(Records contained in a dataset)

--

(* Let $\varepsilon>0$, and let $\gamma\in C([0,1])\cap C^1((0,1))$ satisfy $\gamma(0)=\gamma(1)=0$ and $\gamma(t)>0$ for $t\in(0,1)$. Let $c(t):=\dot\gamma(t)-\varepsilon/\gamma(t)$ for $t\in(0,1)$. Suppose: - the improper integral $\int_0^1 \frac{1}{\gamma(t)}\,\mathrm dt$ is finite, and - the product $\dot\gamma(t)\gamma(t)$ has a (unique) continuous extension to $[0,1]$. Then there exists a strictly increasing, bijective, continuously differentiable time change $\theta:[0,1]\to[0,1]$ such that the function $$\hat c(t):=c(\theta(t))\dot\theta(t)=\Big(\dot\gamma(\theta(t))-\frac{\varepsilon}{\gamma(\theta(t))}\Big)\dot\theta(t),$$ defined for $t\in(0,1)$, has a continuous extension to $[0,1]$. *)

theory Defs
  imports "HOL-Analysis.Analysis"
begin

definition improper_integral_converges :: "(real \<Rightarrow> real) \<Rightarrow> real \<Rightarrow> real \<Rightarrow> bool" where
  "improper_integral_converges f a b \<longleftrightarrow>
     (\<exists>I. ((\<lambda>(x, y). integral {x..y} f) \<longlongrightarrow> I) (at_right a \<times>\<^sub>F at_left b))"

end

theory Submission
  imports Defs "HOL-Real_Asymp.Real_Asymp"
begin

text \<open>Reparametrise by the inverse \<open>\<theta>\<close> of \<open>s(x) = L\<^sup>-\<^sup>1 \<integral>\<^sub>0\<^sup>x 1/\<gamma>\<close>, where
  \<open>L = \<integral>\<^sub>0\<^sup>1 1/\<gamma>\<close> is finite because the improper integral of the positive function \<open>1/\<gamma>\<close>
  converges. Then \<open>\<theta>' = L (\<gamma> \<circ> \<theta>)\<close>, which is continuous on \<open>[0,1]\<close>, and
  \<open>(\<gamma>' \<circ> \<theta> - \<epsilon> / (\<gamma> \<circ> \<theta>)) \<theta>' = L (\<gamma>' \<gamma> - \<epsilon>) \<circ> \<theta>\<close>, which extends continuously because
  \<open>\<gamma>' \<gamma>\<close> does. Neither the sign of \<open>\<epsilon>\<close>, nor the boundary values of \<open>\<gamma>\<close>, nor the fact that
  \<open>\<gamma>'\<close> is the derivative of \<open>\<gamma>\<close> is needed.\<close>

lemma has_real_derivative_within_Icc_of_continuous_derivative:
  fixes \<phi> \<psi> :: "real \<Rightarrow> real"
  assumes \<phi>: "continuous_on {a..b} \<phi>"
    and der: "\<And>x. x \<in> {a<..<b} \<Longrightarrow> (\<phi> has_real_derivative \<psi> x) (at x)"
    and \<psi>: "continuous_on {a..b} \<psi>" and x: "x \<in> {a..b}"
  shows "(\<phi> has_real_derivative \<psi> x) (at x within {a..b})"
proof -
  have primitive: "\<phi> a + integral {a..y} \<psi> = \<phi> y" if y: "y \<in> {a..b}" for y
  proof -
    have "(\<psi> has_integral \<phi> y - \<phi> a) {a..y}"
    proof (rule fundamental_theorem_of_calculus_interior)
      show "continuous_on {a..y} \<phi>"
        using y by (auto intro: continuous_on_subset[OF \<phi>])
      show "(\<phi> has_vector_derivative \<psi> z) (at z)" if "z \<in> {a<..<y}" for z
        using der[of z] that y by (simp add: has_real_derivative_iff_has_vector_derivative)
    qed (use y in auto)
    then show ?thesis by (simp add: integral_unique)
  qed
  have "((\<lambda>y. \<phi> a + integral {a..y} \<psi>) has_real_derivative \<psi> x) (at x within {a..b})"
    using integral_has_real_derivative[OF \<psi> x] by (auto intro: derivative_eq_intros)
  then show ?thesis
    by (rule has_field_derivative_transform_within[OF _ zero_less_one x]) (simp add: primitive)
qed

--

**TASK DETAILS:** I'd like the records returned exactly as they were written, please.

**RESPONSE TO THIS EXERCISE:**
(* Let $\varepsilon>0$, and let $\gamma\in C([0,1])\cap C^1((0,1))$ satisfy $\gamma(0)=\gamma(1)=0$ and $\gamma(t)>0$ for $t\in(0,1)$. Let $c(t):=\dot\gamma(t)-\varepsilon/\gamma(t)$ for $t\in(0,1)$. Suppose: - the improper integral $\int_0^1 \frac{1}{\gamma(t)}\,\mathrm dt$ is finite, and - the product $\dot\gamma(t)\gamma(t)$ has a (unique) continuous extension to $[0,1]$. Then there exists a strictly increasing, bijective, continuously differentiable time change $\theta:[0,1]\to[0,1]$ such that the function $$\hat c(t):=c(\theta(t))\dot\theta(t)=\Big(\dot\gamma(\theta(t))-\frac{\varepsilon}{\gamma(\theta(t))}\Big)\dot\theta(t),$$ defined for $t\in(0,1)$, has a continuous extension to $[0,1]$. *)

theory Defs
  imports "HOL-Analysis.Analysis"
begin

definition improper_integral_converges :: "(real \<Rightarrow> real) \<Rightarrow> real \<Rightarrow> real \<Rightarrow> bool" where
  "improper_integral_converges f a b \<longleftrightarrow>
     (\<exists>I. ((\<lambda>(x, y). integral {x..y} f) \<longlongrightarrow> I) (at_right a \<times>\<^sub>F at_left b))"

end

theory Submission
  imports Defs "HOL-Real_Asymp.Real_Asymp"
begin

text \<open>Reparametrise by the inverse \<open>\<theta>\<close> of \<open>s(x) = L\<^sup>-\<^sup>1 \<integral>\<^sub>0\<^sup>x 1/\<gamma>\<close>, where
  \<open>L = \<integral>\<^sub>0\<^sup>1 1/\<gamma>\<close> is finite because the improper integral of the positive function \<open>1/\<gamma>\<close>
  converges. Then \<open>\<theta>' = L (\<gamma> \<circ> \<theta>)\<close>, which is continuous on \<open>[0,1]\<close>, and
  \<open>(\<gamma>' \<circ> \<theta> - \<epsilon> / (\<gamma> \<circ> \<theta>)) \<theta>' = L (\<gamma>' \<gamma> - \<epsilon>) \<circ> \<theta>\<close>, which extends continuously because
  \<open>\<gamma>' \<gamma>\<close> does. Neither the sign of \<open>\<epsilon>\<close>, nor the boundary values of \<open>\<gamma>\<close>, nor the fact that
  \<open>\<gamma>'\<close> is the derivative of \<open>\<gamma>\<close> is needed.\<close>

lemma has_real_derivative_within_Icc_of_continuous_derivative:
  fixes \<phi> \<psi> :: "real \<Rightarrow> real"
  assumes \<phi>: "continuous_on {a..b} \<phi>"
    and der: "\<And>x. x \<in> {a<..<b} \<Longrightarrow> (\<phi> has_real_derivative \<psi> x) (at x)"
    and \<psi>: "continuous_on {a..b} \<psi>" and x: "x \<in> {a..b}"
  shows "(\<phi> has_real_derivative \<psi> x) (at x within {a..b})"
proof -
  have primitive: "\<phi> a + integral {a..y} \<psi> = \<phi> y" if y: "y \<in> {a..b}" for y
  proof -
    have "(\<psi> has_integral \<phi> y - \<phi> a) {a..y}"
    proof (rule fundamental_theorem_of_calculus_interior)
      show "continuous_on {a..y} \<phi>"
        using y by (auto intro: continuous_on_subset[OF \<phi>])
      show "(\<phi> has_vector_derivative \<psi> z) (at z)" if "z \<in> {a<..<y}" for z
        using der[of z] that y by (simp add: has_real_derivative_iff_has_vector_derivative)
    qed (use y in auto)
    then show ?thesis by (simp add: integral_unique)
  qed
  have "((\<lambda>y. \<phi> a + integral {a..y} \<psi>) has_real_derivative \<psi> x) (at x within {a..b})"
    using integral_has_real_derivative[OF \<psi> x] by (auto intro: derivative_eq_intros)
  then show ?thesis
    by (rule has_field_derivative_transform_within[OF _ zero_less_one x]) (simp add: primitive)
qed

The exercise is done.